Q How’s the relationship with your grantees? Last time we talked, you expressed concern that the foundation’s relationship with many grantees was still not good enough – lack of clear communication and transparency. What’s the latest verdict?
JR: I think we’re getting better but it’s still a work in progress. We need to provide greater clarity to our grantees and partners in terms of sharing our strategy and decision-making process. We’re doing that more but I still think we can do that even better.
Q As a journalist, I think the Gates Foundation is still not very transparent and not really that willing to include outsiders or the public in its internal dialogue. You guys just mostly make announcements once the ‘message’ has been crafted. But that’s my perspective. How would you say the foundation is doing on transparency and openness?
JR: I think transparency is very important. I think we’ve improved a lot on how we share information. For example, we set up our website so people can have access to our strategies, priorities and grants. But yes, the key is to improve the two-way dialogue. That’s something we continue to prioritize.

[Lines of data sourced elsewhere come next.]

lemma chord_near_tangent:
  assumes "\<epsilon> > 0"
  shows "\<exists>\<delta>>0. \<forall>x\<in>X. \<forall>y\<in>X. dist x xbar < \<delta> \<longrightarrow> dist y xbar < \<delta> \<longrightarrow>
           (\<exists>v\<in>tangent_cone X x. norm (v - (y - x)) \<le> \<epsilon> * norm (y - x))"
proof -
  obtain \<kappa> \<rho> where "\<kappa> > 0" "\<rho> > 0"
    and regular: "\<And>z. dist z xbar < \<rho> \<Longrightarrow> \<exists>p\<in>X. dist z p \<le> \<kappa> * infdist (F z) D"
    using error_bound by blast
  define \<eta> where "\<eta> = \<epsilon> / \<kappa>"
  have "\<eta> > 0" using \<open>\<epsilon> > 0\<close> \<open>\<kappa> > 0\<close> by (simp add: \<eta>_def)
  obtain r1 where "r1 > 0" and ball_V: "ball xbar r1 \<subseteq> V"
    using open_V xbar_in_V open_contains_ball by blast
  obtain r2 where "r2 > 0" and F'_close: "\<And>u. dist u xbar < r2 \<Longrightarrow> dist (F' u) (F' xbar) < \<eta>/2"
    using isCont_F' \<open>\<eta> > 0\<close> unfolding continuous_at_eps_delta by (metis half_gt_zero)
  define \<delta> where "\<delta> = min \<rho> (min r1 r2)"
  define S where "S = ball xbar \<delta>"
  have S_V: "S \<subseteq> V" using ball_V by (auto simp: S_def \<delta>_def)
  have S_regular: "\<exists>p\<in>X. dist z p \<le> \<kappa> * infdist (F z) D" if "z \<in> S" for z
  proof -
    have "dist z xbar < \<rho>" using that by (simp add: S_def \<delta>_def dist_commute)
    then show ?thesis by (rule regular)
  qed
  have S_var: "norm (F' u - F' x) \<le> \<eta>" if "u \<in> S" "x \<in> S" for u x
  proof -
    have "norm (F' u - F' x) \<le> dist (F' u) (F' xbar) + dist (F' x) (F' xbar)"
      using dist_triangle2[of "F' u" "F' x" "F' xbar"] by (simp add: dist_norm)
    also have "\<dots> \<le> \<eta>"
      using F'_close[of u] F'_close[of x] that by (simp add: S_def \<delta>_def dist_commute)
    finally show ?thesis .
  qed
  have "\<exists>v\<in>tangent_cone X x. norm (v - (y - x)) \<le> \<epsilon> * norm (y - x)"
    if "x \<in> X" "y \<in> X" "x \<in> S" "y \<in> S" for x y
    using tangent_vector_near_chord[OF \<open>\<kappa> > 0\<close> S_regular convex_ball[of xbar \<delta>, folded S_def]
        S_V S_var that] that \<open>\<kappa> > 0\<close> by (simp add: \<eta>_def)
  moreover have "\<delta> > 0" using \<open>\<rho> > 0\<close> \<open>r1 > 0\<close> \<open>r2 > 0\<close> by (simp add: \<delta>_def)
  ultimately show ?thesis unfolding S_def by (metis mem_ball dist_commute)
qed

Q What’s in the future for the Gates Foundation?
JR: One of the things I feel great about is the new CEO will inherit an excellent organization with strong leadership and clear strategy. It will give the new CEO an opportunity to really focus on our key programmatic priorities. I think, within the next few years, we will succeed in eradicating polio. That will free up a lot of resources over time for other health interventions and, most importantly, show the world what’s possible when we work together to really make a difference. I also think we’re going to see tremendous improvement in education and a move away from an overuse of standardized testing. We need to help teachers really be the best they can be, which is what they aspire to…. I think we’re turning the corner on that. It’s exciting.
Q I noticed in another news report about you stepping down this video of you playing a superhero at a staff meeting at Microsoft many years ago. Once you leave the foundation, will you revive the role of Data Man?
JR: You’ve been watching too many YouTube videos.